Dismissing the thought, Faraday returned to yesterday's crucial meet at the Solent Palace Hotel. At Willard's insistence, he'd listened again to the recording, concentrating on the moment when the conversation across the table in the window had so suddenly taken a turn for the worse. Buried in what followed could be a clue, a tiny smudge of chalk on a tree, something that might flag the investigative path forward.
He'd listened to the recording three times in all, hearing the anger in Mackenzie's voice, the resentment bred by his knowledge of the trap closing around him, his belief all too real that his hands-on days of wheeling and dealing in cocaine were history and that he deserved a little credit for the transformation he'd wrought in his own and Pompey's fortunes. It was, in the end, a question of status. The butterfly had emerged from the chrysalis, a maggot no longer. King of the City, indeed.
Faraday felt a tiny jolt of recognition. He straightened on the chair, forcing himself back through his memory of the recording, trying to identify that one phrase that Mackenzie had let slip. It was there. He knew it was. He could sense its rhythm in his head, the tell-tale metre, the ripple of incandescent anger that gave Mackenzie away.
Something chippy. Something about his roots. Something about Copnor.
Then, as the final passage of plainsong began to fade, Faraday had it.
Punchy little mush front the backstreets of Copnor. That's what he'd said.
As the audience began to applaud and the singers took a bow, Faraday sat back, astonished at the implications of his discovery. Punchy little mush from the backstreets of Copnor. Just so.
Moments later came the lightest of taps on his shoulder. Faraday twisted round in his chair. Nigel Phillimore was standing behind him.
There was to be a modest reception for the Estonians in the Sally Port Hotel tomorrow evening. The choir was off back to Tallinn and the cathedral was saying thank you. If Faraday wanted to be part of that farewell, he was more than welcome to come along. Seven o'clock would be fine.
Faraday gazed up at him, aware that the details had barely registered.
"Of course." He smiled. "I'll do my very best."
A couple of miles east of Fort Nelson, commanding an even better view of the city, was a hilltop pub called The Churchillian. Winter and Harry Wayte had driven there in convoy. Now they sat together at a table by the window, nearly a pint down, still discussing Pompey's role in the defence of the realm.

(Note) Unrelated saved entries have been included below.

theorem mainTheorem8:
  fixes n :: nat
  assumes "n \<ge> 3"
  shows "distance_transitive (crown_vertices n) crown_adj
       \<and> has_diameter (crown_vertices n) crown_adj 3
       \<and> has_intersection_array (crown_vertices n) crown_adj [n - 1, n - 2, 1] [1, n - 2, n - 1]
       \<and> card (crown_vertices n) = 2 * n
       \<and> representation_26_65 (crown_vertices n) (crown_coloring n)
       \<and> algebraic_representation (crown_vertices n) (crown_coloring n)"
  using crown_distance_transitive[OF assms] crown_diameter[OF assms] crown_intersection_array[OF assms]
    crown_representation[OF assms] crown_algebraic_representation[OF assms]
  by (simp add: crown_vertices_def card_cartesian_product)

end
lemma has_integral_sin_abs_cos:
  fixes P G :: "real \<Rightarrow> real"
  assumes P: "\<And>s. (P has_real_derivative G s) (at s)"
  shows "((\<lambda>x. G (sin x) * \<bar>cos x\<bar>) has_integral 2 * (P 1 - P (-1))) {0..2 * pi}"
proof -
  have piece: "((\<lambda>x. G (sin x) * \<bar>cos x\<bar>) has_integral c * P (sin r) - c * P (sin l)) {l..r}"
    if "l \<le> r" and sign: "\<And>x. x \<in> {l..r} \<Longrightarrow> \<bar>cos x\<bar> = c * cos x" for l r c
  proof -
    have "((\<lambda>x. c * P (sin x)) has_vector_derivative G (sin x) * \<bar>cos x\<bar>) (at x within {l..r})"
      if "x \<in> {l..r}" for x
    proof -
      have "((\<lambda>x. c * P (sin x)) has_real_derivative c * (G (sin x) * cos x)) (at x)"
        by (intro DERIV_cmult DERIV_chain2[OF P DERIV_sin])
      moreover have "c * (G (sin x) * cos x) = G (sin x) * \<bar>cos x\<bar>"
        using sign[OF that] by simp
      ultimately show ?thesis
        by (simp add: has_real_derivative_iff_has_vector_derivative[symmetric] has_field_derivative_at_within)
    qed
    from fundamental_theorem_of_calculus[OF \<open>l \<le> r\<close> this]
    show ?thesis by simp
  qed
  have sin_3pi2: "sin (3 * pi / 2) = -1"
    using sin_periodic_pi[of "pi/2"] by (simp add: field_simps)
  have I1: "((\<lambda>x. G (sin x) * \<bar>cos x\<bar>) has_integral P 1 - P 0) {0..pi/2}"
    using piece[of 0 "pi/2" 1] cos_ge_zero by simp
  have I2: "((\<lambda>x. G (sin x) * \<bar>cos x\<bar>) has_integral P 1 - P (-1)) {pi/2..3 * pi/2}"
  proof -
    have "\<bar>cos x\<bar> = -1 * cos x" if "x \<in> {pi/2..3 * pi/2}" for x
      using cos_ge_zero[of "x - pi"] that by (simp add: cos_diff)
    then show ?thesis using piece[of "pi/2" "3 * pi/2" "-1"] sin_3pi2 by simp
  qed
  have I3: "((\<lambda>x. G (sin x) * \<bar>cos x\<bar>) has_integral P 0 - P (-1)) {3 * pi/2..2 * pi}"
  proof -
    have "\<bar>cos x\<bar> = 1 * cos x" if "x \<in> {3 * pi/2..2 * pi}" for x
      using cos_ge_zero[of "x - 2 * pi"] that by (simp add: cos_diff)
    then show ?thesis using piece[of "3 * pi/2" "2 * pi" 1] sin_3pi2 by simp
  qed
  have "((\<lambda>x. G (sin x) * \<bar>cos x\<bar>) has_integral
      (P 1 - P 0) + (P 1 - P (-1)) + (P 0 - P (-1))) {0..2 * pi}"
    using pi_gt_zero
    by (intro has_integral_combine[OF _ _ has_integral_combine[OF _ _ I1 I2] I3]) simp_all
  then show ?thesis by (simp add: algebra_simps)
qed

lemma orbit_moment_sqrt3:
  assumes "\<And>s. (P has_real_derivative G s) (at s)"
  shows "orbit_moment (\<lambda>x. G (sin x)) (sqrt 3) = 2 * (P 1 - P (-1)) / sqrt 2"
  using has_integral_sin_abs_cos[OF assms]
  by (simp add: orbit_moment_def angular_speed_sqrt3 integral_divide integral_unique)
(* Let $g\ge1$ and $n\ge3$. \begin{enumerate} \item For all $1\le r\le n$: $r^r\,t_{g,n-r+1}^{r+1}\le t_{g,n}^2$, with equality iff $r=1$. \item If $(n,g)\neq(3,1)$, then for all $1\le r\le n-1$: $(r+1)^r\,t_{g,n-r}^{r+1}\le 2t_{g,n-1}^2$, with equality iff $r=1$ or $(g,r,n)\in\{(1,2,4),(2,2,3)\}$. \item If $(n,g)\notin\{(4,1),(4,2),(5,1)\}$, then for all $1\le r\le n-2$: $(r+2)^r\,t_{g,n-r-1}^{r+1}\le 3t_{g,n-2}^2$, with equality iff $r=1$ or $(g,r,n)=(3,2,4)$. \end{enumerate}
   Context: Sylvester sequences: $s_{g,1}=g+1$, $s_{g,k+1}=s_{g,k}(s_{g,k}-1)+1$, $t_{g,k}=s_{g,k}-1$. *)

theory Defs
  imports Main
begin

(* Sylvester sequence s_{g,k}, indexed from k = 1: s_{g,1} = g+1,
   s_{g,k+1} = s_{g,k}(s_{g,k}-1)+1.  The value at k = 0 is an unused
   convention (set to g+1 as well). *)
fun sylv :: "nat \<Rightarrow> nat \<Rightarrow> nat" where
  "sylv g 0 = g + 1"
| "sylv g (Suc 0) = g + 1"
| "sylv g (Suc (Suc k)) = sylv g (Suc k) * (sylv g (Suc k) - 1) + 1"

definition tsylv :: "nat \<Rightarrow> nat \<Rightarrow> nat" where
  "tsylv g k = sylv g k - 1"

end

theory Submission
  imports Defs
begin

text \<open>
  Put a = t(g,m). Then t(g,m+k) = p^k(a) for the pronic map p(x) = x(x + 1), and the three
  parts are the instances c = 0, 1, 2 of  (r + c)^r a^(r+1) \<le> (c + 1) p^(r-1)(a)^2.
  For r = 1 both sides agree. For r = 2 the inequality reads, after cancelling a^2,
  (c + 2)^2 a \<le> (c + 1)(a + 1)^2; the difference of the two sides is ((c + 1)a - 1)(a - c - 1),
  which gives the equality cases and shows that it fails exactly when a \<le> c.
  For r \<ge> 3 it is strict, by induction on r: the step multiplies the right side by
  (p^(r-1)(a) + 1)^2 but the left side only by a (r + 1 + c)^(r+1) / (r + c)^r, and the
  iterates grow doubly exponentially. The base case r = 3 fails only for c = 2, a = 1, where
  the induction starts at r = 4. The pairs (n, g) excluded in the theorem are exactly those
  that run into one of these failures.
\<close>

definition pronic :: "nat \<Rightarrow> nat" where
  "pronic x = x * (x + 1)"

lemma pronic_mono: "a \<le> b \<Longrightarrow> pronic a \<le> pronic b"
  unfolding pronic_def by (intro mult_mono) auto

lemma pronic_iter_ge_self: "a \<le> (pronic ^^ k) a"
  by (induction k) (auto simp: pronic_def intro: order_trans)

lemma pronic_iter_ge_mult: "a * (pronic ^^ k) 1 \<le> (pronic ^^ k) a"
proof (induction k)
  case (Suc k)
  let ?u = "(pronic ^^ k) 1"
  have "a * pronic ?u \<le> pronic (a * ?u)"
    by (cases "a = 0") (auto simp: pronic_def algebra_simps)
  also have "\<dots> \<le> pronic ((pronic ^^ k) a)"
    using Suc.IH by (rule pronic_mono)
  finally show ?case by simp
qed simp

lemma pronic_iter_one_ge: "3 \<le> k \<Longrightarrow> 2 ^ (k + 2) \<le> (pronic ^^ k) (1::nat)"
proof (induction k rule: dec_induct)
  case base
  show ?case by (simp add: pronic_def numeral_eq_Suc)
next
  case (step k)
  let ?u = "(pronic ^^ k) 1"
  have "2 ^ (Suc k + 2) \<le> 2 * ?u" using step.IH by simp
  also have "\<dots> \<le> pronic ?u" using pronic_iter_ge_self[of 1 k] by (simp add: pronic_def)
  finally show ?case by simp
qed
(* Let $G$ and $H$ be finite simple graphs without isolated vertices and let $g=(V'_0,V'_1,V'_2)$ be a $\gamma_{tR}(G\times H)$-function. Then $\gamma_{tR}(G\times H)\ge |V(G)||V(H)|-(\Delta(H)\Delta(G)-2)|V'_2|$ and $|V'_2|\ge\frac{|V(G)||V(H)|-|V'_1|}{\Delta(H)\Delta(G)}$. Moreover, if in addition $|V(G)||V(H)|=\Delta(H)\Delta(G)|V'_2|+|V'_1|$, then $\gamma_{tR}(G\times H)=|V(G)||V(H)|-(\Delta(H)\Delta(G)-2)|V'_2|$.
   Context: $\Delta(X)$ denotes the maximum degree of a graph $X$. A total Roman dominating function on a graph $X$ without isolated vertices is a map $f:V(X)\to\{0,1,2\}$, written $f=(V_0,V_1,V_2)$ with $V_i=\{v:f(v)=i\}$, such that every vertex of $V_0$ has a neighbor in $V_2$ and the subgraph induced by $V_1\cup V_2$ has no isolated vertices; $\gamma_{tR}(X)$ is the minimum of $\sum_v f(v)$ over such $f$, and a $\gamma_{tR}(X)$-function attains it. The direct product $G\times H$ has vertex set $V(G)\times V(H)$, with $(g,h)(g',h')$ an edge iff $gg'\in E(G)$ and $hh'\in E(H)$. *)

theory Defs
  imports Complex_Main
begin

definition simple_graph :: "'a set \<Rightarrow> ('a \<Rightarrow> 'a \<Rightarrow> bool) \<Rightarrow> bool" where
  "simple_graph V E \<longleftrightarrow> finite V \<and> (\<forall>u v. E u v \<longrightarrow> u \<in> V \<and> v \<in> V)
     \<and> (\<forall>u v. E u v \<longrightarrow> E v u) \<and> (\<forall>v. \<not> E v v)"

definition neighbors :: "'a set \<Rightarrow> ('a \<Rightarrow> 'a \<Rightarrow> bool) \<Rightarrow> 'a \<Rightarrow> 'a set" where
  "neighbors V E v = {u \<in> V. E v u}"

definition degree :: "'a set \<Rightarrow> ('a \<Rightarrow> 'a \<Rightarrow> bool) \<Rightarrow> 'a \<Rightarrow> nat" where
  "degree V E v = card (neighbors V E v)"

definition max_degree :: "'a set \<Rightarrow> ('a \<Rightarrow> 'a \<Rightarrow> bool) \<Rightarrow> nat" where
  "max_degree V E = Max (degree V E ` V)"

definition no_isolated :: "'a set \<Rightarrow> ('a \<Rightarrow> 'a \<Rightarrow> bool) \<Rightarrow> bool" where
  "no_isolated V E \<longleftrightarrow> (\<forall>v\<in>V. \<exists>u\<in>V. E v u)"

definition dprod_V :: "'a set \<Rightarrow> 'b set \<Rightarrow> ('a \<times> 'b) set" where
  "dprod_V VG VH = VG \<times> VH"

definition dprod_E :: "('a \<Rightarrow> 'a \<Rightarrow> bool) \<Rightarrow> ('b \<Rightarrow> 'b \<Rightarrow> bool)
    \<Rightarrow> ('a \<times> 'b) \<Rightarrow> ('a \<times> 'b) \<Rightarrow> bool" where
  "dprod_E EG EH x y \<longleftrightarrow> EG (fst x) (fst y) \<and> EH (snd x) (snd y)"

definition is_TRDF :: "'a set \<Rightarrow> ('a \<Rightarrow> 'a \<Rightarrow> bool) \<Rightarrow> ('a \<Rightarrow> nat) \<Rightarrow> bool" where
  "is_TRDF V E f \<longleftrightarrow>
     (\<forall>v\<in>V. f v \<le> 2) \<and> (\<forall>v. v \<notin> V \<longrightarrow> f v = 0)
     \<and> (\<forall>v\<in>V. f v = 0 \<longrightarrow> (\<exists>u\<in>V. E v u \<and> f u = 2))
     \<and> (\<forall>v\<in>V. f v \<ge> 1 \<longrightarrow> (\<exists>u\<in>V. E v u \<and> f u \<ge> 1))"

definition weight :: "'a set \<Rightarrow> ('a \<Rightarrow> nat) \<Rightarrow> nat" where
  "weight V f = (\<Sum>v\<in>V. f v)"

definition gamma_tR :: "'a set \<Rightarrow> ('a \<Rightarrow> 'a \<Rightarrow> bool) \<Rightarrow> nat" where
  "gamma_tR V E = (LEAST w. \<exists>f. is_TRDF V E f \<and> weight V f = w)"

definition is_gamma_tR_function :: "'a set \<Rightarrow> ('a \<Rightarrow> 'a \<Rightarrow> bool) \<Rightarrow> ('a \<Rightarrow> nat) \<Rightarrow> bool" where
  "is_gamma_tR_function V E f \<longleftrightarrow> is_TRDF V E f \<and> weight V f = gamma_tR V E"

definition level_set :: "'a set \<Rightarrow> ('a \<Rightarrow> nat) \<Rightarrow> nat \<Rightarrow> 'a set" where
  "level_set V f i = {v \<in> V. f v = i}"

end

theory Submission
  imports Defs
begin

text \<open>Every vertex of \<open>V\<^sub>0\<close> has a neighbour in \<open>V\<^sub>2\<close>, while every vertex of
\<open>V\<^sub>2\<close> has a neighbour in \<open>V\<^sub>1 \<union> V\<^sub>2\<close>; so a vertex of \<open>V\<^sub>2\<close> covers at most
\<open>\<Delta> - 1\<close> vertices of \<open>V\<^sub>0\<close>, giving \<open>|V\<^sub>0| + |V\<^sub>2| \<le> \<Delta> |V\<^sub>2|\<close>. In \<open>G \<times> H\<close> the
neighbourhood of \<open>(a, b)\<close> is \<open>N(a) \<times> N(b)\<close>, so \<open>\<Delta> \<le> \<Delta>(G) \<Delta>(H)\<close>. Combined
with \<open>|V| = |V\<^sub>0| + |V\<^sub>1| + |V\<^sub>2|\<close> and \<open>\<gamma>\<^sub>t\<^sub>R = |V\<^sub>1| + 2 |V\<^sub>2|\<close> this gives all three
claims.\<close>

lemma degree_le_max_degree:
  assumes "finite V" "v \<in> V"
  shows "degree V E v \<le> max_degree V E"
  unfolding max_degree_def using assms by (intro Max_ge) auto

lemma neighbors_dprod:
  "neighbors (dprod_V VG VH) (dprod_E EG EH) (a, b) = neighbors VG EG a \<times> neighbors VH EH b"
  unfolding neighbors_def dprod_V_def dprod_E_def by auto

lemma degree_dprod:
  "degree (dprod_V VG VH) (dprod_E EG EH) (a, b) = degree VG EG a * degree VH EH b"
  unfolding degree_def neighbors_dprod card_cartesian_product ..

lemma degree_dprod_le_max_degree:
  assumes "finite VG" "finite VH" "v \<in> dprod_V VG VH"
  shows "degree (dprod_V VG VH) (dprod_E EG EH) v \<le> max_degree VH EH * max_degree VG EG"
proof -
  obtain a b where v: "v = (a, b)" "a \<in> VG" "b \<in> VH"
    using assms(3) unfolding dprod_V_def by auto
  have "degree VG EG a * degree VH EH b \<le> max_degree VG EG * max_degree VH EH"
    using assms v by (intro mult_le_mono degree_le_max_degree)
  then show ?thesis
    unfolding v degree_dprod by (simp add: mult.commute)
qed

lemma card_level_sets:
  assumes "finite V" "\<forall>v\<in>V. f v \<le> 2"
  shows "card V = card (level_set V f 0) + card (level_set V f 1) + card (level_set V f 2)"
proof -
  have "V = (level_set V f 0 \<union> level_set V f 1) \<union> level_set V f 2"
    using assms(2) unfolding level_set_def by force
  also have "card \<dots> = card (level_set V f 0 \<union> level_set V f 1) + card (level_set V f 2)"
    using assms(1) by (intro card_Un_disjoint) (auto simp: level_set_def)
  also have "card (level_set V f 0 \<union> level_set V f 1)
      = card (level_set V f 0) + card (level_set V f 1)"
    using assms(1) by (intro card_Un_disjoint) (auto simp: level_set_def)
  finally show ?thesis .
qed

lemma weight_level_sets:
  assumes "finite V" "\<forall>v\<in>V. f v \<le> 2"
  shows "weight V f = card (level_set V f 1) + 2 * card (level_set V f 2)"
proof -
  have "weight V f = (\<Sum>v\<in>V. of_bool (f v = 1) + 2 * of_bool (f v = 2))"
    unfolding weight_def
  proof (rule sum.cong)
    fix v assume "v \<in> V"
    then have "f v = 0 \<or> f v = 1 \<or> f v = 2" using assms(2) by force
    then show "f v = of_bool (f v = 1) + 2 * of_bool (f v = 2)" by auto
  qed simp
  also have "\<dots> = card (level_set V f 1) + 2 * card (level_set V f 2)"
    using assms(1) by (simp add: sum.distrib sum_distrib_left level_set_def Int_def)
  finally show ?thesis .
qed

lemma card_neighbors_level_set_0_less_degree:
  assumes "finite V" "is_TRDF V E f" "v \<in> V" "f v \<ge> 1"
  shows "card (neighbors V E v \<inter> level_set V f 0) < degree V E v"
proof -
  obtain u where u: "u \<in> neighbors V E v" "f u \<ge> 1"
    using assms(2-4) unfolding is_TRDF_def neighbors_def by auto
  have "finite (neighbors V E v)"
    using assms(1) unfolding neighbors_def by auto
  moreover have "neighbors V E v \<inter> level_set V f 0 \<subseteq> neighbors V E v - {u}"
    using u(2) unfolding level_set_def by auto
  ultimately have "card (neighbors V E v \<inter> level_set V f 0) \<le> card (neighbors V E v - {u})"
    by (intro card_mono) auto
  also have "\<dots> < degree V E v"
    unfolding degree_def using \<open>finite (neighbors V E v)\<close> u(1) by (rule card_Diff1_less)
  finally show ?thesis .
qed

lemma card_level_set_0_2_le:
  assumes fin: "finite V" and f: "is_TRDF V E f" and sym: "\<And>u v. E u v \<Longrightarrow> E v u"
    and deg: "\<And>v. v \<in> V \<Longrightarrow> degree V E v \<le> D"
  shows "card (level_set V f 0) + card (level_set V f 2) \<le> D * card (level_set V f 2)"
proof -
  let ?V0 = "level_set V f 0" and ?V2 = "level_set V f 2"
  let ?N = "\<lambda>v. neighbors V E v \<inter> ?V0"
  have fin2: "finite ?V2"
    using fin unfolding level_set_def by auto
  have "?V0 \<subseteq> (\<Union>v\<in>?V2. ?N v)"
    using f sym unfolding is_TRDF_def level_set_def neighbors_def by blast
  then have "card ?V0 \<le> card (\<Union>v\<in>?V2. ?N v)"
    using fin2 fin by (intro card_mono) (auto simp: neighbors_def)
  also have "\<dots> \<le> (\<Sum>v\<in>?V2. card (?N v))"
    using fin2 by (rule card_UN_le)
  finally have "card ?V0 + card ?V2 \<le> (\<Sum>v\<in>?V2. card (?N v) + 1)"
    unfolding sum.distrib by simp
  also have "\<dots> \<le> (\<Sum>v\<in>?V2. D)"
  proof (rule sum_mono)
    fix v assume "v \<in> ?V2"
    then have "card (?N v) < degree V E v" "degree V E v \<le> D"
      using card_neighbors_level_set_0_less_degree[OF fin f] deg
      unfolding level_set_def by auto
    then show "card (?N v) + 1 \<le> D" by linarith
  qed
  finally show ?thesis
    by (simp add: mult.commute)
qed

theorem corollary4p2:
  fixes VG :: "'a set" and EG :: "'a \<Rightarrow> 'a \<Rightarrow> bool"
    and VH :: "'b set" and EH :: "'b \<Rightarrow> 'b \<Rightarrow> bool"
    and g :: "'a \<times> 'b \<Rightarrow> nat"
  assumes "simple_graph VG EG" and "no_isolated VG EG"
    and "simple_graph VH EH" and "no_isolated VH EH"
    and "is_gamma_tR_function (dprod_V VG VH) (dprod_E EG EH) g"
  shows "(int (gamma_tR (dprod_V VG VH) (dprod_E EG EH))
           \<ge> int (card VG) * int (card VH)
             - (int (max_degree VH EH) * int (max_degree VG EG) - 2)
               * int (card (level_set (dprod_V VG VH) g 2)))
    \<and> (real (card (level_set (dprod_V VG VH) g 2))
           \<ge> (real (card VG) * real (card VH) - real (card (level_set (dprod_V VG VH) g 1)))
             / (real (max_degree VH EH) * real (max_degree VG EG)))
    \<and> (card VG * card VH = max_degree VH EH * max_degree VG EG
             * card (level_set (dprod_V VG VH) g 2) + card (level_set (dprod_V VG VH) g 1)
         \<longrightarrow> int (gamma_tR (dprod_V VG VH) (dprod_E EG EH))
           = int (card VG) * int (card VH)
             - (int (max_degree VH EH) * int (max_degree VG EG) - 2)
               * int (card (level_set (dprod_V VG VH) g 2)))"
proof -
  let ?V = "dprod_V VG VH" and ?E = "dprod_E EG EH"
  let ?n1 = "card (level_set ?V g 1)" and ?n2 = "card (level_set ?V g 2)"
  have finite: "finite VG" "finite VH" and sym: "\<And>u v. ?E u v \<Longrightarrow> ?E v u"
    using assms(1,3) unfolding simple_graph_def dprod_E_def by auto
  then have fin: "finite ?V"
    unfolding dprod_V_def by simp
  have g: "is_TRDF ?V ?E g" and gamma: "gamma_tR ?V ?E = weight ?V g"
    using assms(5) unfolding is_gamma_tR_function_def by auto
  then have le2: "\<forall>v\<in>?V. g v \<le> 2"
    unfolding is_TRDF_def by blast
  have card: "card VG * card VH = card (level_set ?V g 0) + ?n1 + ?n2"
    using card_level_sets[OF fin le2] by (simp add: dprod_V_def card_cartesian_product)
  have weight: "gamma_tR ?V ?E = ?n1 + 2 * ?n2"
    using weight_level_sets[OF fin le2] gamma by simp
  have count: "card (level_set ?V g 0) + ?n2 \<le> max_degree VH EH * max_degree VG EG * ?n2"
    using card_level_set_0_2_le[OF fin g sym] degree_dprod_le_max_degree[OF finite] by blast
  have "real (card VG) * real (card VH) - real ?n1
      \<le> real (max_degree VH EH) * real (max_degree VG EG) * real ?n2"
    using arg_cong[OF card, of real] count by (simp flip: of_nat_mult of_nat_add)
  then have "(real (card VG) * real (card VH) - real ?n1)
      / (real (max_degree VH EH) * real (max_degree VG EG)) \<le> real ?n2"
    by (cases "real (max_degree VH EH) * real (max_degree VG EG) = 0")
      (simp_all only: div_by_0 of_nat_0_le_iff, simp add: pos_divide_le_eq mult_ac)
  then show ?thesis
    using arg_cong[OF card, of int] arg_cong[OF weight, of int] count
    by (auto simp flip: of_nat_mult of_nat_add of_nat_le_iff simp: algebra_simps)
qed

end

"Blood and treasure," Wayte grunted. "When the trumpets sounded and the drums beat, you couldn't find a richer city in the kingdom. The minute the war was over, they were all back on the turnpike, riding hard for London. That's why Pompey blokes grab it while they can.
That's why the kids are off their heads most of the time. It's in the genes, mate." He nodded. "Blood and treasure."
"Whose blood?"
"Ours."
"And the treasure?"
"The King's." Wayte raised his glass. "Here's to September."
September was the month Wayte was due to retire. Listening to him now, watching him amongst his civvy mates at Fort Nelson, Winter felt the faintest stirrings of envy. Speaking for himself, Winter was happy to admit that he dreaded the prospect of leaving the job. He wouldn't have a clue what to do with the empty days that yawned before him.
Harry, on the other hand, couldn't wait for it to happen.